Dritte schweizerisch-ukrainische Fachkonferenz und Workshop

Dicht gedrängt sassen bis 60 Personen an den drei Konferenztagen im Mehrzwecksaal des Wohnheims Parasolka. Neben der neunköpfigen Delegation aus der Schweiz waren 14 ukrainische Organisationen vertreten. «Leider fehlt den theoretisch ausgebildeten Fachkräften in der Ukraine vielfach das praktische Rüstzeug im Umgang mit behinderten Menschen», zeigte Sonder-pädagogin Henny Graf-de Ruiter einleitend auf. Sie hatte das Seminar mit der Partnerorganisation CAMZ zum Wunschthema «Kommunikation» vorbereitet.

 

Lukas Wunderlich vermittelte als Fachmann eindrücklich viele praktische Hinweise und Lösungsansätze im Zusammenhang mit Aggression und Gewalt.
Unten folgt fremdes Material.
lemma sum_step_size_grad_le:
  assumes "T \<ge> 1"
    and grad_bound: "\<And>t x. t \<in> {1..T} \<Longrightarrow> x \<in> F \<Longrightarrow> infnorm (grad t x) \<le> G"
  shows "(\<Sum>t=1..T. step_size t * (norm (grad t (\<theta> t)))\<^sup>2 / 2)
    \<le> real CARD('d) powr (3/2) * G\<^sup>2 * \<eta> * (2 * sqrt (real T) - 1) / (2 * sqrt (vhat 1))"
proof -
  define K where "K = \<eta> * sqrt (real CARD('d)) / sqrt (vhat 1) * (real CARD('d) * G\<^sup>2) / 2"
  have "step_size t * (norm (grad t (\<theta> t)))\<^sup>2 / 2 \<le> K * (1 / sqrt (real t))"
    if t: "t \<in> {1..T}" for t
  proof -
    have "(infnorm (grad t (\<theta> t)))\<^sup>2 \<le> G\<^sup>2"
      using grad_bound[OF t theta_in_F] by (simp add: power_mono infnorm_pos_le)
    then have "(norm (grad t (\<theta> t)))\<^sup>2 \<le> real CARD('d) * G\<^sup>2"
      using norm_power2_le_DIM_infnorm[of "grad t (\<theta> t)"] by (simp add: order_trans mult_left_mono)
    then have "step_size t * (norm (grad t (\<theta> t)))\<^sup>2
        \<le> \<eta> * sqrt (real CARD('d)) / sqrt (vhat 1) * (1 / sqrt (real t)) * (real CARD('d) * G\<^sup>2)"
      using step_size_le[of t] step_size_pos[of t] t by (intro mult_mono) auto
    then show ?thesis by (simp add: K_def)
  qed
  then have "(\<Sum>t=1..T. step_size t * (norm (grad t (\<theta> t)))\<^sup>2 / 2)
      \<le> (\<Sum>t=1..T. K * (1 / sqrt (real t)))"
    by (rule sum_mono)
  also have "\<dots> = K * (\<Sum>t=1..T. 1 / sqrt (real t))"
    by (simp add: sum_distrib_left)
  also have "\<dots> \<le> K * (2 * sqrt (real T) - 1)"
    using sum_inverse_sqrt_le[OF \<open>T \<ge> 1\<close>] vhat_1_pos eta_pos
    by (intro mult_left_mono) (auto simp: K_def)
  also have "\<dots> = real CARD('d) powr (3/2) * G\<^sup>2 * \<eta> * (2 * sqrt (real T) - 1) / (2 * sqrt (vhat 1))"
  proof -
    have "real CARD('d) powr (3/2) = real CARD('d) * sqrt (real CARD('d))"
      using powr_add[of "real CARD('d)" 1 "1/2"] by (simp add: powr_half_sqrt)
    then show ?thesis by (simp add: K_def mult_ac)
  qed
  finally show ?thesis .
qed

end

theorem theorem3p2:
  fixes F :: "(real^'d) set"
    and f :: "nat \<Rightarrow> real^'d \<Rightarrow> real"
    and grad :: "nat \<Rightarrow> real^'d \<Rightarrow> real^'d"
    and \<beta>2 \<eta> G :: real and th1 :: "real^'d" and T :: nat
  assumes conv: "convex F" and clo: "closed F" and bnd: "bounded F"
    and th1F: "th1 \<in> F"
    and fconv: "\<And>t. t \<in> {1..T} \<Longrightarrow> convex_on F (f t)"
    and fgrad: "\<And>t x. t \<in> {1..T} \<Longrightarrow> x \<in> F \<Longrightarrow>
                   (f t has_derivative (\<lambda>h. grad t x \<bullet> h)) (at x)"
    and gbound: "\<And>t x. t \<in> {1..T} \<Longrightarrow> x \<in> F \<Longrightarrow> infnorm (grad t x) \<le> G"
    and beta: "0 \<le> \<beta>2" "\<beta>2 < 1"
    and eta: "\<eta> > 0"
    and T1: "T \<ge> 1"
    and v1: "ada_vhat F grad \<beta>2 \<eta> th1 1 > 0"
  shows "(\<Sum>t=1..T. f t (ada_theta F grad \<beta>2 \<eta> th1 t))
           - (INF th\<in>F. \<Sum>t=1..T. f t th)
         \<le> (linf_diam F)\<^sup>2 * sqrt (real CARD('d) * ada_vhat F grad \<beta>2 \<eta> th1 T * real T) / (2 * \<eta>)
           + real CARD('d) powr (3/2) * G\<^sup>2 * \<eta> * (2 * sqrt (real T) - 1)
             / (2 * sqrt (ada_vhat F grad \<beta>2 \<eta> th1 1))"
proof -
  interpret adasgdmax F grad \<beta>2 \<eta> th1
    using conv clo th1F eta v1 by unfold_locales
  let ?bound = "(linf_diam F)\<^sup>2 * sqrt (real CARD('d) * vhat T * real T) / (2 * \<eta>)
    + real CARD('d) powr (3/2) * G\<^sup>2 * \<eta> * (2 * sqrt (real T) - 1) / (2 * sqrt (vhat 1))"
  have "real CARD('d) * (linf_diam F)\<^sup>2 / (2 * step_size T)
      = (linf_diam F)\<^sup>2 * (real CARD('d) / step_size T) / 2"
    by (simp add: mult_ac)
  also have "\<dots> = (linf_diam F)\<^sup>2 * sqrt (real CARD('d) * vhat T * real T) / (2 * \<eta>)"
    by (simp add: card_div_step_size[OF T1])
  finally have "(\<Sum>t=1..T. f t (\<theta> t)) - (\<Sum>t=1..T. f t z) \<le> ?bound" if "z \<in> F" for z
    using regret_against_le[where f = f, OF bnd that T1 fconv fgrad]
      sum_step_size_grad_le[OF T1 gbound]
    by linarith
  then have "(\<Sum>t=1..T. f t (\<theta> t)) - ?bound \<le> (INF z\<in>F. \<Sum>t=1..T. f t z)"
    using th1F by (intro cINF_greatest) force+
  then show ?thesis by simp
qed

end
Anschaulich stellte Susanne Berner Möglichkeiten der unterstützten Kommunikation mit geistig behinderten Menschen vor. Die lebhaften Gespräche in den Workshops zeigten: Auch bei unterschiedlichen Voraussetzungen stellen sich in der Schweiz und der Ukraine im Umgang mit geistig behinderten Menschen ähnliche Grundfragen. Berührt vom grossen Interesse stellten die Schweizer Fachkräfte spontan weitere Workshops in Transkarpatien in Aussicht.

 

Vorher hatten Henny Graf, Chantal Moor und Beat Hunziker vom Verein Parasolka bereits erfolgreich mehrere Workshops in der Ukraine durchgeführt. 

 

2015      Intensive Zusammenarbeit und zusätzliche Projekte

Freiwilliger Einsatz auch vor Ort

Im Juli machten sich Freiwillige aus dem Rajon Tjachiv daran, beim Wohnheim Parasolka einen Sportplatz mit Fussballtor, Basketballnetzen, Schaukel, Sportgeräten und Bänken einzurichten. Die BewohnerInnen verfolgten die Aktivitäten voller Vorfreude.

 

Workshops im Waisenkinderheim in Vilshany und im Wohnheim Parasolka

Da in der Ukraine heil- und sozialpädagogisches Wissen und Erfahrungen sehr gefragt sind, organisierte der Verein Parasolka in Zusammenarbeit mit CAMZ im Juni wiederum verschiedene Workshops vor Ort.

Im Wohnheim Parasolka baute Ueli Schweingruber unter anderem eine Kompostanlage auf, während seine Frau Barbara einen zweiten Webstuhl einrichtete.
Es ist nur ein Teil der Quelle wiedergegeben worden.